- MATERIAL PROVIDED:
(* Let $A\in\mathbb C^{n\times n}$, $b\in\mathbb C^n$, and let $M, F\in\mathbb C^{n\times n}$ be nonsingular. Partition the index set $\{1,\dots,n\}$ into $m$ consecutive blocks, and write accordingly $x = (x^{(1)},\dots,x^{(m)})$, $b=(b^{(1)},\dots,b^{(m)})$, and $A = (A^{(s,q)})_{s,q=1}^m$ in block form; assume $M$ and $F$ are block diagonal with respect to this partition, with nonsingular diagonal blocks $M^{(1)},\dots,M^{(m)}$ and $F^{(1)},\dots,F^{(m)}$. Let $I$ be the $n\times n$ identity and \[ Q := \begin{bmatrix} 0 & I - M^{-1}A \\ I - F^{-1}A & 0 \end{bmatrix}. \] Consider any sequence of subsets $\Omega_k\subseteq\{1,\dots,m\}$, $k\in\mathbb N$, such that each $s\in\{1,\dots,m\}$ belongs to $\Omega_k$ for infinitely many $k$, and any functions $\delta_s(q,k)\in\mathbb N$ ($s,q\in\{1,\dots,m\}$, $k\in\mathbb N$) with $\delta_s(q,k)\le k$ and $\lim_{k\to\infty}\delta_s(q,k)=\infty$ for all $s,q$. Given an arbitrary initial vector $x^0$, define the asynchronous alternating iteration: for each $k\in\mathbb N$ and all $s\in\{1,\dots,m\}$, \[ y^{(s),k} := x^{(s),\delta_s(s,k)} + {M^{(s)}}^{-1}\Big(b^{(s)} - \sum_{q=1}^m A^{(s,q)} x^{(q),\delta_s(q,k)}\Big), \] \[ x^{(s),k+1} := \begin{cases} y^{(s),\delta_s(s,k)} + {F^{(s)}}^{-1}\Big(b^{(s)} - \displaystyle\sum_{q=1}^m A^{(s,q)} y^{(q),\delta_s(q,k)}\Big) & \text{if } s\in\Omega_k,\\[1ex] x^{(s),k} & \text{if } s\notin\Omega_k.\end{cases} \] If $\rho(|Q|)<1$, then for every initial guess $x^0$, every such sequence $\{\Omega_k\}$ and every such delay functions $\delta_1,\dots,\delta_m$, the sequence $x^k$ converges to the solution of $Ax=b$.
   Context: For a matrix $\mathcal A$, $|\mathcal A|$ denotes the entrywise absolute value (modulus) and $\rho(\mathcal A)$ denotes its spectral radius. *)

theory Defs
  imports "Jordan_Normal_Form.Spectral_Radius" "Jordan_Normal_Form.Gauss_Jordan_Elimination"
begin

text \<open>Consecutive block partition of the indices {0..<n} into m blocks, given by cut
points p 0 = 0 < p 1 < ... < p m = n; block s (for s < m) is {p s ..< p (Suc s)}.\<close>

definition consecutive_partition :: "nat \<Rightarrow> nat \<Rightarrow> (nat \<Rightarrow> nat) \<Rightarrow> bool" where
  "consecutive_partition n m p \<longleftrightarrow> p 0 = 0 \<and> p m = n \<and> (\<forall>s<m. p s < p (Suc s))"

definition block_of :: "(nat \<Rightarrow> nat) \<Rightarrow> nat \<Rightarrow> nat \<Rightarrow> nat" where
  "block_of p m i = (THE s. s < m \<and> p s \<le> i \<and> i < p (Suc s))"

definition block_size :: "(nat \<Rightarrow> nat) \<Rightarrow> nat \<Rightarrow> nat" where
  "block_size p s = p (Suc s) - p s"

definition mblock :: "'a mat \<Rightarrow> (nat \<Rightarrow> nat) \<Rightarrow> nat \<Rightarrow> nat \<Rightarrow> 'a mat" where
  "mblock A p s q = mat (block_size p s) (block_size p q) (\<lambda>(i,j). A $$ (p s + i, p q + j))"

definition vblock :: "'a vec \<Rightarrow> (nat \<Rightarrow> nat) \<Rightarrow> nat \<Rightarrow> 'a vec" where
  "vblock v p s = vec (block_size p s) (\<lambda>i. v $ (p s + i))"

definition block_diagonal :: "'a::zero mat \<Rightarrow> (nat \<Rightarrow> nat) \<Rightarrow> nat \<Rightarrow> bool" where
  "block_diagonal M p m \<longleftrightarrow>
     (\<forall>i<dim_row M. \<forall>j<dim_col M. block_of p m i \<noteq> block_of p m j \<longrightarrow> M $$ (i,j) = 0)"

definition mat_inv :: "'a::field mat \<Rightarrow> 'a mat" where
  "mat_inv B = (SOME C. C \<in> carrier_mat (dim_row B) (dim_row B) \<and>
                        B * C = 1\<^sub>m (dim_row B) \<and> C * B = 1\<^sub>m (dim_row B))"

definition abs_mat :: "complex mat \<Rightarrow> complex mat" where
  "abs_mat A = map_mat (\<lambda>z. complex_of_real (cmod z)) A"

definition block_row_sum ::
  "complex mat \<Rightarrow> (nat \<Rightarrow> nat) \<Rightarrow> nat \<Rightarrow> nat \<Rightarrow> (nat \<Rightarrow> complex vec) \<Rightarrow> complex vec" where
  "block_row_sum A p m s z =
     vec (block_size p s) (\<lambda>i. \<Sum>q<m. (mblock A p s q *\<^sub>v z q) $ i)"

end

theory Submission
  imports Defs
begin

text \<open>Let e and f be the errors of the iterates x and y with respect to the solution. Because
M and F are block diagonal, each block update is the corresponding block of one global splitting
step z + M^-1 (b - A z), applied to a vector z assembled from delayed iterates. Hence entrywise
|f| \<le> |I - M^-1 A| |e| (at delayed times) and, on updated blocks, |e| \<le> |I - F^-1 A| |f|.
The powers of the nonnegative matrix |Q| tend to zero, and a truncated Neumann series of |Q|
provides positive weights u, v and \<gamma> < 1 with |I - M^-1 A| v \<le> \<gamma> u and |I - F^-1 A| u \<le> \<gamma> v.
In the weighted maximum norm the errors never grow, and once all delays exceed a threshold and
every block has been updated again the bound has shrunk by \<gamma>^2. A vector in the kernel of A is a
stationary error sequence, so the same estimate shows that A is nonsingular.\<close>

lemma norm_sum_mult_le_weighted:
  fixes a z :: "nat \<Rightarrow> 'a::real_normed_div_algebra"
  assumes z: "\<And>j. j < N \<Longrightarrow> norm (z j) \<le> c * w j" and c: "0 \<le> c"
    and a: "(\<Sum>j<N. norm (a j) * w j) \<le> \<gamma> * w'"
  shows "norm (\<Sum>j<N. a j * z j) \<le> \<gamma> * c * w'"
proof -
  have "norm (\<Sum>j<N. a j * z j) \<le> (\<Sum>j<N. norm (a j) * (c * w j))"
    by (rule order.trans[OF norm_sum sum_mono]) (simp add: norm_mult mult_left_mono z)
  also have "\<dots> = c * (\<Sum>j<N. norm (a j) * w j)"
    by (simp add: sum_distrib_left ac_simps)
  also have "\<dots> \<le> c * (\<gamma> * w')"
    using a c by (rule mult_left_mono)
  finally show ?thesis by (simp add: ac_simps)
qed

lemma eventually_all_less:
  fixes n :: nat
  assumes "\<And>i. i < n \<Longrightarrow> eventually (P i) F"
  shows "eventually (\<lambda>x. \<forall>i<n. P i x) F"
proof -
  have "eventually (\<lambda>x. \<forall>i\<in>{..<n}. P i x) F"
    using assms by (intro eventually_ball_finite) auto
  then show ?thesis by (simp add: Ball_def)
qed

lemma sum_lessThan_add:
  fixes g :: "nat \<Rightarrow> 'a :: comm_monoid_add"
  shows "(\<Sum>j<a + b. g j) = (\<Sum>j<a. g j) + (\<Sum>j<b. g (a + j))"
  by (induction b) (simp_all add: add.assoc)

lemma mult_mat_vec_smult_mat:
  "v \<in> carrier_vec (dim_col A) \<Longrightarrow> (c \<cdot>\<^sub>m A) *\<^sub>v v = c \<cdot>\<^sub>v (A *\<^sub>v (v :: 'a :: comm_ring_1 vec))"
  by (rule eq_vecI) (auto simp: scalar_prod_def sum_distrib_left ac_simps)

lemma spectral_radius_smult_le:
  assumes A: "A \<in> carrier_mat N N" and N: "0 < N" and c: "c \<noteq> 0"
  shows "spectral_radius (c \<cdot>\<^sub>m A) \<le> cmod c * spectral_radius A"
proof -
  have cA: "c \<cdot>\<^sub>m A \<in> carrier_mat N N" using A by simp
  obtain ev where ev: "ev \<in> spectrum (c \<cdot>\<^sub>m A)" and rad: "spectral_radius (c \<cdot>\<^sub>m A) = cmod ev"
    using spectral_radius_mem_max(1)[OF cA N] by auto
  then obtain w where "eigenvector (c \<cdot>\<^sub>m A) w ev"
    unfolding spectrum_def eigenvalue_def by auto
  then have w: "w \<in> carrier_vec N" "w \<noteq> 0\<^sub>v N" and eq: "c \<cdot>\<^sub>v (A *\<^sub>v w) = ev \<cdot>\<^sub>v w"
    using A unfolding eigenvector_def by (auto simp: mult_mat_vec_smult_mat)
  have "A *\<^sub>v w = (ev / c) \<cdot>\<^sub>v w"
  proof (rule eq_vecI)
    fix i assume "i < dim_vec ((ev / c) \<cdot>\<^sub>v w)"
    then have "c * (A *\<^sub>v w) $ i = ev * w $ i"
      using arg_cong[OF eq, of "\<lambda>x. x $ i"] A w by simp
    then show "(A *\<^sub>v w) $ i = ((ev / c) \<cdot>\<^sub>v w) $ i"
      using \<open>i < _\<close> c by (simp add: field_simps)
  qed (use A w in simp)
  then have "ev / c \<in> spectrum A"
    using A w unfolding spectrum_def eigenvalue_def eigenvector_def by auto
  then have "cmod (ev / c) \<le> spectral_radius A"
    by (intro spectral_radius_mem_max(2)[OF A N]) simp
  then show ?thesis
    using rad c by (simp add: norm_divide divide_le_eq mult.commute)
qed

lemma pow_mat_smult:
  fixes c :: "'a :: comm_semiring_1"
  assumes "A \<in> carrier_mat N N"
  shows "(c \<cdot>\<^sub>m A) ^\<^sub>m k = c ^ k \<cdot>\<^sub>m A ^\<^sub>m k"
proof (induction k)
  case 0
  show ?case using assms by (intro eq_matI) auto
next
  case (Suc k)
  then show ?case
    using assms by (intro eq_matI) (auto simp: scalar_prod_def sum_distrib_left ac_simps)
qed

lemma pow_mat_Suc_left:
  assumes "A \<in> carrier_mat N N"
  shows "A ^\<^sub>m Suc k = A * A ^\<^sub>m k"
proof (induction k)
  case 0
  show ?case using assms by simp
next
  case (Suc k)
  have "A ^\<^sub>m Suc (Suc k) = (A * A ^\<^sub>m k) * A" using Suc by simp
  also have "\<dots> = A * A ^\<^sub>m Suc k"
    using assms by (simp add: assoc_mult_mat[of _ N N _ N _ N])
  finally show ?case .
qed

text \<open>For \<rho>(B) < r < 1 the matrix B / r still has spectral radius below 1, so its powers are
bounded and the entries of B^k decay like r^k.\<close>

lemma pow_mat_entry_tendsto_zero:
  fixes B :: "complex mat"
  assumes B: "B \<in> carrier_mat N N" and rad: "spectral_radius B < 1" and ij: "i < N" "j < N"
  shows "(\<lambda>k. (B ^\<^sub>m k) $$ (i, j)) \<longlonglongrightarrow> 0"
proof -
  have N: "0 < N" using ij by simp
  define r where "r = (spectral_radius B + 1) / 2"
  have "0 \<le> spectral_radius B"
    using spectral_radius_mem_max(1)[OF B N] by auto
  then have r: "0 < r" "r < 1" "spectral_radius B < r"
    using rad unfolding r_def by auto
  define B' where "B' = complex_of_real (1 / r) \<cdot>\<^sub>m B"
  have B': "B' \<in> carrier_mat N N" using B unfolding B'_def by simp
  have "spectral_radius B' \<le> cmod (complex_of_real (1 / r)) * spectral_radius B"
    unfolding B'_def using r by (intro spectral_radius_smult_le[OF B N]) auto
  also have "\<dots> < 1" using r by (simp add: norm_divide field_simps)
  finally obtain c where c: "\<And>k. norm_bound (B' ^\<^sub>m k) c"
    using spectral_radius_jnf_norm_bound_less_1_upper_triangular[OF B'] by blast
  have bound: "cmod ((B ^\<^sub>m k) $$ (i, j)) \<le> c * r ^ k" for k
  proof -
    have "B' ^\<^sub>m k = complex_of_real (1 / r) ^ k \<cdot>\<^sub>m B ^\<^sub>m k"
      unfolding B'_def by (rule pow_mat_smult[OF B])
    moreover have "cmod ((B' ^\<^sub>m k) $$ (i, j)) \<le> c"
      using c[of k] B' ij unfolding norm_bound_def by simp
    ultimately have "(1 / r) ^ k * cmod ((B ^\<^sub>m k) $$ (i, j)) \<le> c"
      using B ij r by (simp add: norm_mult norm_power norm_divide)
    then show ?thesis using r by (simp add: field_simps)
  qed
  have "(\<lambda>k. c * r ^ k) \<longlonglongrightarrow> 0"
    using r by (intro tendsto_mult_right_zero LIMSEQ_realpow_zero) simp_all
  then show ?thesis
    by (rule tendsto_0_le[where K = 1]) (simp add: order_trans[OF bound])
qed

lemma pow_mat_nonneg:
  fixes R :: "real mat"
  assumes R: "R \<in> carrier_mat N N" and nonneg: "\<And>i j. i < N \<Longrightarrow> j < N \<Longrightarrow> 0 \<le> R $$ (i, j)"
  shows "i < N \<Longrightarrow> j < N \<Longrightarrow> 0 \<le> (R ^\<^sub>m k) $$ (i, j)"
proof (induction k arbitrary: j)
  case (Suc k)
  then show ?case
    using R nonneg by (auto simp: scalar_prod_def intro!: sum_nonneg)
qed (use R in auto)

lemma row_sum_pow_mat_Suc:
  assumes R: "R \<in> carrier_mat N N" and i: "i < N"
  shows "(\<Sum>l<N. (R ^\<^sub>m Suc k) $$ (i, l)) = (\<Sum>j<N. R $$ (i, j) * (\<Sum>l<N. (R ^\<^sub>m k) $$ (j, l)))"
proof -
  have "(\<Sum>l<N. (R ^\<^sub>m Suc k) $$ (i, l)) = (\<Sum>l<N. \<Sum>j<N. R $$ (i, j) * (R ^\<^sub>m k) $$ (j, l))"
    unfolding pow_mat_Suc_left[OF R] using R i
    by (intro sum.cong) (auto simp: scalar_prod_def lessThan_atLeast0)
  also have "\<dots> = (\<Sum>j<N. R $$ (i, j) * (\<Sum>l<N. (R ^\<^sub>m k) $$ (j, l)))"
    by (subst sum.swap) (simp add: sum_distrib_left)
  finally show ?thesis .
qed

- WHAT YOU ARE ASKED TO DO: All lines containing "mblock" in the material above should appear in your reply, copied exactly.

- YOUR SOLUTION:
definition mblock :: "'a mat \<Rightarrow> (nat \<Rightarrow> nat) \<Rightarrow> nat \<Rightarrow> nat \<Rightarrow> 'a mat" where
  "mblock A p s q = mat (block_size p s) (block_size p q) (\<lambda>(i,j). A $$ (p s + i, p q + j))"
     vec (block_size p s) (\<lambda>i. \<Sum>q<m. (mblock A p s q *\<^sub>v z q) $ i)"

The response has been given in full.